The analysis of blood cell in microscopic images plays a vital role in disease recognition field by identifying the different cellular objects. In blood cell field, there are three important components in blood: White Blood Cells(WBC), Red Blood Cells(RBC), and Platelets [1] . The proportion and number of these blood cells are seriously affect the doctor's judgment of the illness [2, 3] . Finding an automated algorithm based on deep convolutional neural network to detect blood cells accurately and efficiently can improve the effectiveness of the medical system [4] .

Object detection which is the study of finding the coordinates of objects in an image and classifying objects is widely used in computer vision tasks, such as machine vision, pedestrian identification, abnormal detection and so on. Fast, accurate algorithms for object detection would allow computers to instead of part of manual checking instances and unlock the potential of humans for the better purpose.

Current object detectors are either based on two-stage or on one-stage mechanism [5] . In two-stage field, most networks are based on the R-CNN framework which generates a sparse set of candidate object locations in the first stage and classifies each candidate location as the foreground classes or background in the second stage [6, 7, 8, 9] . Through a sequence of advances, such two-stage models reach highest accuracy with slow operation. While one-stage detectors, such as YOLO(You Only Look Once) and SSD(Single Shot MultiBox Detector), reframe object detection as a single regression problem by learning the class probabilities and bounding box coordinates in a freeway [10, 11, 12, 13] . With the help of focal loss, RetinaNet [14] which belong to one-stage detectors outperforms the alternative high-accuracy to two-stage detectors. Cascading dilated convolutions is utilized in YOLOF(You Only Look One-level Feature) [15] to obtain the same effect on dense small sample detection by feature pyramid networks(FPN) [16] .

Inspired by [17] , in this research, we propose a new onestage detector that provide high accuracy besides high efficiency to solve the problem of the blood cell detection with low accuracy. In a nutshell, the contributions of this research are divided into the following items:

• Applying YOLOF to the blood cell detection field for the first time and using the EfficientNet CNN as the backbone to increase efficiency and flexibility. • Depthwise Separable Convolution module is applied to enhance the performance and minimize the parameters in the decoder. • Mish activation function is proved to be the relatively optimal method to increase the precision compared to other functions, such as Swish, ReLU, MetaAconC and so on. • Extensive experiments on BCCD dataset indicates the importance of each component. Moreover, we conduct comparisons with YOLOv3, Deformable DETR. We can achieve comparable results with a higher mAP.

Before the advance of one-stage detectors, region proposals are used to locate and classify objects in images instead of sliding windows in two-stage mechanism [18, 6] . As Faster R-CNN came up, region proposals can be automatic generated by Region Proposal Network(RPN) [8] . So far, object detection is unified into a pure neural network framework without any hand-designed parts to extract features and predict the object. These complex pipelines can help two-stage detectors to achieve high accuracy at the expense of speed.

In one-stage field, Multiple versions of YOLO series have been published to reframe object detection as a single regression problem [10, 11, 12] , they forward an image only once to predict where and what objects are present. Feature Pyramid Network(FPN) have beed used in YOLOv3 to realize object detection of different sizes. These methods are much faster than the two-stage detectors with comparable accuracy. With the help of focal loss that enable us to train a high accuracy by addressing the class imbalance problem [14] , one-stage detectors are able to achieve an excellent balance of precision and speed. While in [15] , YOLOF use dilated encoder to obtain the feature maps that has the comparable effect as FPN, bridging the performance gap between detectors with FPN and others without FPN in small object detection. In the following, detailed approaches that we utilized in blood cell detection have been described with extensive experiences.

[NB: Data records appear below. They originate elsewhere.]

lemma
  assumes "finite I"
  shows le_refl_H: "x \<in> H I \<Longrightarrow> le I x x"
    and le_antisym_H: "x \<in> H I \<Longrightarrow> y \<in> H I \<Longrightarrow> le I x y \<Longrightarrow> le I y x \<Longrightarrow> x = y"
    and le_trans_H: "x \<in> H I \<Longrightarrow> y \<in> H I \<Longrightarrow> z \<in> H I \<Longrightarrow> le I x y \<Longrightarrow> le I y z \<Longrightarrow> le I x z"
    and finite_interval_H: "x \<in> H I \<Longrightarrow> y \<in> H I \<Longrightarrow> finite {z\<in>H I. le I x z \<and> le I z y}"
  using species[unfolded poset_species_def, THEN conjunct2, THEN conjunct1, rule_format, OF assms]
  by blast+

lemma locally_finite_poset_H:
  assumes "finite I"
  shows "locally_finite_poset (H I) (le I)"
  by unfold_locales
    (fact le_refl_H[OF assms] le_antisym_H[OF assms] le_trans_H[OF assms] finite_interval_H[OF assms])+

lemma poset_on_H: "finite I \<Longrightarrow> poset_on (H I) (le I)"
  using locally_finite_poset_H locally_finite_poset.axioms(1) by blast

lemma rl_in: "finite I \<Longrightarrow> inj_on \<sigma> I \<Longrightarrow> x \<in> H I \<Longrightarrow> rl \<sigma> I x \<in> H (\<sigma> ` I)"
  using species[unfolded poset_species_def, THEN conjunct2, THEN conjunct2, THEN conjunct1] by simp

lemma rl_cong: "finite I \<Longrightarrow> x \<in> H I \<Longrightarrow> (\<And>i. i \<in> I \<Longrightarrow> \<sigma> i = \<tau> i) \<Longrightarrow> rl \<sigma> I x = rl \<tau> I x"
  using species[unfolded poset_species_def, THEN conjunct2, THEN conjunct2, THEN conjunct2,
      THEN conjunct1] by simp

lemma rl_id: "finite I \<Longrightarrow> x \<in> H I \<Longrightarrow> rl id I x = x"
  using species[unfolded poset_species_def, THEN conjunct2, THEN conjunct2, THEN conjunct2,
      THEN conjunct2, THEN conjunct1] by simp

lemma rl_comp: "finite I \<Longrightarrow> inj_on \<sigma> I \<Longrightarrow> inj_on \<tau> (\<sigma> ` I) \<Longrightarrow> x \<in> H I \<Longrightarrow>
    rl \<tau> (\<sigma> ` I) (rl \<sigma> I x) = rl (\<tau> \<circ> \<sigma>) I x"
  using species[unfolded poset_species_def, THEN conjunct2, THEN conjunct2, THEN conjunct2,
      THEN conjunct2, THEN conjunct2, THEN conjunct1] by simp

lemma rl_mono: "finite I \<Longrightarrow> inj_on \<sigma> I \<Longrightarrow> x \<in> H I \<Longrightarrow> y \<in> H I \<Longrightarrow> le I x y \<Longrightarrow>
    le (\<sigma> ` I) (rl \<sigma> I x) (rl \<sigma> I y)"
  using species[unfolded poset_species_def, THEN conjunct2, THEN conjunct2, THEN conjunct2,
      THEN conjunct2, THEN conjunct2, THEN conjunct2] by simp

lemma rl_in_bij: "finite I \<Longrightarrow> bij_betw \<sigma> I J \<Longrightarrow> x \<in> H I \<Longrightarrow> rl \<sigma> I x \<in> H J"
  using rl_in by (metis bij_betw_def)

lemma rl_comp_bij:
  "finite I \<Longrightarrow> bij_betw \<sigma> I J \<Longrightarrow> bij_betw \<tau> J K \<Longrightarrow> x \<in> H I \<Longrightarrow>
    rl \<tau> J (rl \<sigma> I x) = rl (\<tau> \<circ> \<sigma>) I x"
  using rl_comp by (metis bij_betw_def)

lemma rl_the_inv_into:
  assumes "finite I" "bij_betw \<sigma> I J" "x \<in> H I"
  shows "rl (the_inv_into I \<sigma>) J (rl \<sigma> I x) = x"
proof -
  have "rl (the_inv_into I \<sigma>) J (rl \<sigma> I x) = rl (the_inv_into I \<sigma> \<circ> \<sigma>) I x"
    using rl_comp_bij assms bij_betw_the_inv_into by blast
  also have "\<dots> = rl id I x"
    by (rule rl_cong) (use assms in \<open>auto simp: the_inv_into_f_f bij_betw_def\<close>)
  finally show ?thesis using rl_id assms by simp
qed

In a blood cell image, the distribution of WBC and RBC are relatively unbalanced. The distribution of RBC is relatively dense with different sizes, while the distribution of WBC and platelet are relatively sparse. In [19] , YOLOv3 has been utilized to detect discrete RBC and WBC for the purpose of counting RBC and WBC in images. Image density estimation algorithm [20] has been used to the counting tasks of RBC. In [19] , the maximum mAP is achieved as 88.26% by the method of YOLOv3 with approximately 62 million parameters. While in [17] , FED detector update the mAP to 88.33% with approximately 14 million parameters. With the effect of Swish and DIoU, mAP is improved to 89.86% .

Depthwise separable convolutional network is proposed to reduce computation and model size. It has been used in neural network design by MobileNet [21] and has become more popular since its inclusion in the TensorFlow framework. In the method proposed in this paper, depthwise separable convolution is presented for reducing the parameters and improve the effect.

Compound scaling method is used to balance network width, depth, and resolution according to a certain ratio. Before this method came up, increasing the depth of the network is the most common way to increase performance of the network [22, 23] . Additionally, although the input image with higher resolution is helpful for feature extraction and better performance [21, 24] , it increases the number of parameters. EfficientNet use compound scaling method to achieve state-of-the-art accuracy with an order of magnitude fewer parameters and FLOPs on both ImageNet and other transfer learning datasets [25] . Therefore, in this study, EfficientNet is applied to this research to increase efficiency.

The goal of object detection is finding the coordinates of objects in an image and also classification of its category. In this research, the proposed detector regards object detection as a regression problem, which is equivalent to the methodology of the YOLO detector. Also the proposed detector that only use the last output feature of the backbone can converges faster and achieves promising performance, compared to YOLOv3 which use FPN to enhance performance. This proposed detector is modified by YOLOF which is detailed described in [15] .

The flow chart of the proposed detector has been shown in Figure 1 . The entire operation of the proposed model includes 8 steps. The details of these steps are as follows.

• Step 1: The images with data augumentation of BCCD dataset are loaded in a dataset.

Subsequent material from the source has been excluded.